In the material below, find each line with the string "that" and copy it.
-*-
text \<open>
  In M / I the set {a, b, c, d} has rank 2, a and b are parallel, and c and d are parallel to
  neither of them. Hence (M / I)|{a, b, c, d} is T_{2,4} if c and d are independent in M / I,
  and U_{1,2} \<oplus> U_{1,2} otherwise.
\<close>

definition parallel_pair_config :: "'a matroid \<Rightarrow> 'a set \<Rightarrow> 'a \<Rightarrow> 'a \<Rightarrow> 'a \<Rightarrow> 'a \<Rightarrow> bool" where
  "parallel_pair_config M I a b c d \<longleftrightarrow>
     {a, b, c, d} \<subseteq> ground M - I \<and> distinct [a, b, c, d] \<and>
     insert a (insert b I) \<notin> indep M \<and>
     insert a (insert c I) \<in> indep M \<and> insert a (insert d I) \<in> indep M \<and>
     insert b (insert c I) \<in> indep M \<and> insert b (insert d I) \<in> indep M \<and>
     rk M (I \<union> {a, b, c, d}) \<le> card I + 2"

context finite_matroid
begin

lemma indep_disjoint_loops:
  assumes "X \<in> indep M"
  shows "X \<inter> loops M = {}"
proof -
  have "{e} \<in> indep M" if "e \<in> X" for e
    using indep_subset[OF assms, of "{e}"] that by simp
  then show ?thesis unfolding loops_def by blast
qed

lemma loops_disjoint_coloops: "loops M \<inter> coloops M = {}"
proof -
  obtain B where B: "B \<subseteq> ground M" "B \<in> indep M" "card B = rk M (ground M)"
    by (rule rk_witness)
  have "\<not> rk M (ground M - {e}) < rk M (ground M)" if "e \<in> loops M" for e
  proof -
    have "B \<subseteq> ground M - {e}" using B(1) indep_disjoint_loops[OF B(2)] that by blast
    then have "card B \<le> rk M (ground M - {e})" by (rule rk_ge_card[OF _ B(2)])
    then show ?thesis using B(3) by simp
  qed
  then show ?thesis unfolding coloops_def by auto
qed

lemma indep_Un_coloops:
  assumes X: "X \<in> indep M"
  shows "X \<union> coloops M \<in> indep M"
proof -
  obtain B where B: "B \<subseteq> ground M" "B \<in> indep M" "card B = rk M (ground M)"
    by (rule rk_witness)
  have "card X \<le> rk M (ground M)" using rk_ge_card[OF indep_subset_ground[OF X] X] .
  then obtain T where T: "X \<subseteq> T" "T \<subseteq> X \<union> B" "T \<in> indep M" "card T = rk M (ground M)"
    using indep_extend_to_card[OF X B(2), of "rk M (ground M)"] B(3) by auto
  have "T \<subseteq> ground M" using T(2) B(1) indep_subset_ground[OF X] by blast
  have "k \<in> T" if k: "k \<in> coloops M" for k
  proof (rule ccontr)
    assume "k \<notin> T"
    then have "T \<subseteq> ground M - {k}" using \<open>T \<subseteq> ground M\<close> by blast
    then have "card T \<le> rk M (ground M - {k})" by (rule rk_ge_card[OF _ T(3)])
    then show False using k T(4) unfolding coloops_def by simp
  qed
  then have "X \<union> coloops M \<subseteq> T" using T(1) by blast
  then show ?thesis using indep_subset[OF T(3)] by blast
qed

lemma loop_uniform_coloop_if_core_uniform:
  assumes uniform: "\<And>Y. Y \<subseteq> core M \<Longrightarrow> card Y \<le> rk M (core M) \<Longrightarrow> Y \<in> indep M"
  shows "loop_uniform_coloop M (loops M) (core M) (coloops M) (rk M (core M))"
proof -
  have "X \<in> indep M \<longleftrightarrow> X \<subseteq> ground M \<and> X \<inter> loops M = {} \<and> card (X \<inter> core M) \<le> rk M (core M)"
    for X
  proof
    assume X: "X \<in> indep M"
    have "X \<inter> core M \<in> indep M" using indep_subset[OF X] by simp
    then have "card (X \<inter> core M) \<le> rk M (core M)" by (rule rk_ge_card[rotated]) simp
    then show "X \<subseteq> ground M \<and> X \<inter> loops M = {} \<and> card (X \<inter> core M) \<le> rk M (core M)"
      using indep_subset_ground[OF X] indep_disjoint_loops[OF X] by simp
  next
    assume X: "X \<subseteq> ground M \<and> X \<inter> loops M = {} \<and> card (X \<inter> core M) \<le> rk M (core M)"
    then have "X \<inter> core M \<in> indep M" using uniform[of "X \<inter> core M"] by simp
    then have "(X \<inter> core M) \<union> coloops M \<in> indep M" by (rule indep_Un_coloops)
    moreover have "X \<subseteq> (X \<inter> core M) \<union> coloops M" using X unfolding core_def by blast
    ultimately show "X \<in> indep M" by (rule indep_subset)
  qed
  moreover have "loops M \<inter> core M = {}" "core M \<inter> coloops M = {}"
    "loops M \<union> core M \<union> coloops M = ground M"
    unfolding core_def loops_def coloops_def by blast+
  ultimately show ?thesis
    unfolding loop_uniform_coloop_def using loops_disjoint_coloops finite_ground by simp
qed

lemma rk_core_le_rk_core_Diff:
  assumes y: "y \<in> core M"
  shows "rk M (core M) \<le> rk M (core M - {y})"
proof -
  have fin_K: "finite (coloops M)" using finite_ground unfolding coloops_def by simp
  obtain B where B: "B \<subseteq> core M" "B \<in> indep M" "card B = rk M (core M)"
    by (rule rk_witness)
  obtain Z where Z: "Z \<subseteq> ground M - {y}" "Z \<in> indep M" "card Z = rk M (ground M - {y})"
    by (rule rk_witness)
  have BK: "B \<union> coloops M \<in> indep M" by (rule indep_Un_coloops[OF B(2)])
  have "B \<inter> coloops M = {}" using B(1) unfolding core_def by blast
  then have "rk M (core M) + card (coloops M) = card (B \<union> coloops M)"
    using card_Un_disjoint[OF indep_finite[OF B(2)] fin_K] B(3) by simp
  also have "\<dots> \<le> rk M (ground M)"
    using rk_ge_card[OF indep_subset_ground[OF BK] BK] .
  also have "\<dots> \<le> rk M (ground M - {y})" using y unfolding core_def coloops_def by auto
  also have "\<dots> \<le> card (Z \<inter> (core M - {y})) + card (coloops M)"
  proof -
    have "Z \<subseteq> (Z \<inter> (core M - {y})) \<union> coloops M"
      using Z(1) indep_disjoint_loops[OF Z(2)] unfolding core_def by blast
    then have "card Z \<le> card ((Z \<inter> (core M - {y})) \<union> coloops M)"
      using indep_finite[OF Z(2)] fin_K by (intro card_mono) simp_all
    then show ?thesis using card_Un_le[of "Z \<inter> (core M - {y})" "coloops M"] Z(3) by simp
  qed
  also have "card (Z \<inter> (core M - {y})) \<le> rk M (core M - {y})"
    using rk_ge_card[OF _ indep_subset[OF Z(2)]] by blast
  finally show ?thesis by simp
qed

lemma normal_form_if_core_uniform:
  assumes "\<And>Y. Y \<subseteq> core M \<Longrightarrow> card Y \<le> rk M (core M) \<Longrightarrow> Y \<in> indep M"
  shows "\<exists>m r s l. r \<le> s
    \<and> matroid_iso M (direct_sum (direct_sum (uniform 0 m) (uniform r s)) (uniform l l))"
proof -
  obtain B where B: "B \<subseteq> core M" "B \<in> indep M" "card B = rk M (core M)" by (rule rk_witness)
  have "finite (core M)" using finite_ground unfolding core_def by simp
  then have "rk M (core M) \<le> card (core M)" using card_mono[OF _ B(1)] B(3) by simp
  then show ?thesis
    using loop_uniform_coloop_iso_normal_form[OF loop_uniform_coloop_if_core_uniform[OF assms]]
    by blast
qed

lemma parallel_over_exchange:
  assumes ab: "parallel_over M I a b" and "c \<noteq> a" "c \<notin> I" and ac: "insert a (insert c I) \<in> indep M"
  shows "insert b (insert c I) \<in> indep M"
proof -
  have b: "insert b I \<in> indep M" and "a \<notin> I" and ab_dep: "insert a (insert b I) \<notin> indep M"
    using ab unfolding parallel_over_def by simp_all
  then have "card (insert b I) < card (insert a (insert c I))"
    using indep_finite[OF b] assms(2,3) by (simp add: card_insert_if)
  then obtain y where "y \<in> insert a (insert c I) - insert b I" "insert y (insert b I) \<in> indep M"
    using indep_augment[OF b ac] by blast
  then show ?thesis using ab_dep by (auto simp: insert_commute)
qed

lemma dependent_contains_parallel_over:
  assumes Y: "finite Y" "Y \<notin> indep M" and singletons: "\<And>y. y \<in> Y \<Longrightarrow> {y} \<in> indep M"
  obtains J a b where "insert a (insert b J) \<subseteq> Y" "parallel_over M J a b"
proof -
  obtain C where C: "C \<subseteq> Y" "C \<notin> indep M" "\<forall>x\<in>C. C - {x} \<in> indep M"
    using exists_circuit_subset[OF Y] by blast
  have "C \<noteq> {}" using C(2) empty_indep by auto
  then obtain a where a: "a \<in> C" by blast
  have "{a} \<in> indep M" using singletons a C(1) by blast
  then have "C \<noteq> {a}" using C(2) by auto
  then obtain b where b: "b \<in> C" "b \<noteq> a" using a by blast
  define J where "J = C - {a, b}"
  have "insert a J = C - {b}" "insert b J = C - {a}" "insert a (insert b J) = C"
    unfolding J_def using a b by auto
  then have "parallel_over M J a b"
    unfolding parallel_over_def J_def using C(2,3) a b by auto
  then show ?thesis using that \<open>insert a (insert b J) = C\<close> C(1) by blast
qed

lemma parallel_over_extend:
  assumes ab: "parallel_over M J a b" and A: "insert a (insert b J) \<subseteq> A"
    and card_J: "card J + 2 \<le> rk M A"
  obtains I where "insert a (insert b I) \<subseteq> A" "parallel_over M I a b" "card I + 2 = rk M A"
proof -
  let ?r = "rk M A"
  have aJ: "insert a J \<in> indep M" and bJ: "insert b J \<in> indep M"
    and abJ: "insert a (insert b J) \<notin> indep M" and J: "a \<noteq> b" "a \<notin> J" "b \<notin> J"
    using ab unfolding parallel_over_def by simp_all
  have fJ: "finite J" using indep_finite[OF aJ] by simp
  obtain B where B: "B \<subseteq> A" "B \<in> indep M" "card B = ?r" by (rule rk_witness)
  have "card (insert a J) \<le> ?r" "card (insert b J) \<le> ?r - 1" using card_J fJ J by simp_all
  then obtain B1 where B1: "insert a J \<subseteq> B1" "B1 \<subseteq> insert a J \<union> B" "B1 \<in> indep M" "card B1 = ?r"
    using indep_extend_to_card[OF aJ B(2), of ?r] B(3) by auto
  obtain T where T: "insert b J \<subseteq> T" "T \<subseteq> insert b J \<union> B1" "T \<in> indep M" "card T = ?r - 1"
    using indep_extend_to_card[OF bJ B1(3) \<open>card (insert b J) \<le> ?r - 1\<close>] B1(4) by auto
  have "a \<notin> T"
  proof
    assume "a \<in> T"
    then have "insert a (insert b J) \<subseteq> T" using T(1) by blast
    then show False using indep_subset[OF T(3)] abJ by simp
  qed
  define I where "I = T - {b}"
  have "b \<in> T" using T(1) by blast
  have "insert a I \<subseteq> B1" unfolding I_def using T(2) B1(1) by blast
  have "parallel_over M I a b"
    unfolding parallel_over_def
  proof (intro conjI)
    show "insert a I \<in> indep M" using indep_subset[OF B1(3) \<open>insert a I \<subseteq> B1\<close>] .
    show "insert b I \<in> indep M" unfolding I_def using T(3) \<open>b \<in> T\<close> by (simp add: insert_absorb)
    have "insert a (insert b J) \<subseteq> insert a (insert b I)" using T(1) J unfolding I_def by blast
    then show "insert a (insert b I) \<notin> indep M" using indep_subset abJ by auto
  qed (use J \<open>a \<notin> T\<close> in \<open>auto simp: I_def\<close>)
  moreover have "card I + 2 = ?r"
    unfolding I_def using T(4) \<open>b \<in> T\<close> indep_finite[OF T(3)] card_J by simp
  moreover have "insert a (insert b I) \<subseteq> A"
    using \<open>insert a I \<subseteq> B1\<close> B1(2) B(1) A unfolding I_def by blast
  ultimately show ?thesis using that by blast
qed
-*-
> **SOLVED PROBLEM**:
    using indep_subset[OF assms, of "{e}"] that by simp
    have "B \<subseteq> ground M - {e}" using B(1) indep_disjoint_loops[OF B(2)] that by blast
  then show ?thesis using that \<open>insert a (insert b J) = C\<close> C(1) by blast
  ultimately show ?thesis using that by blast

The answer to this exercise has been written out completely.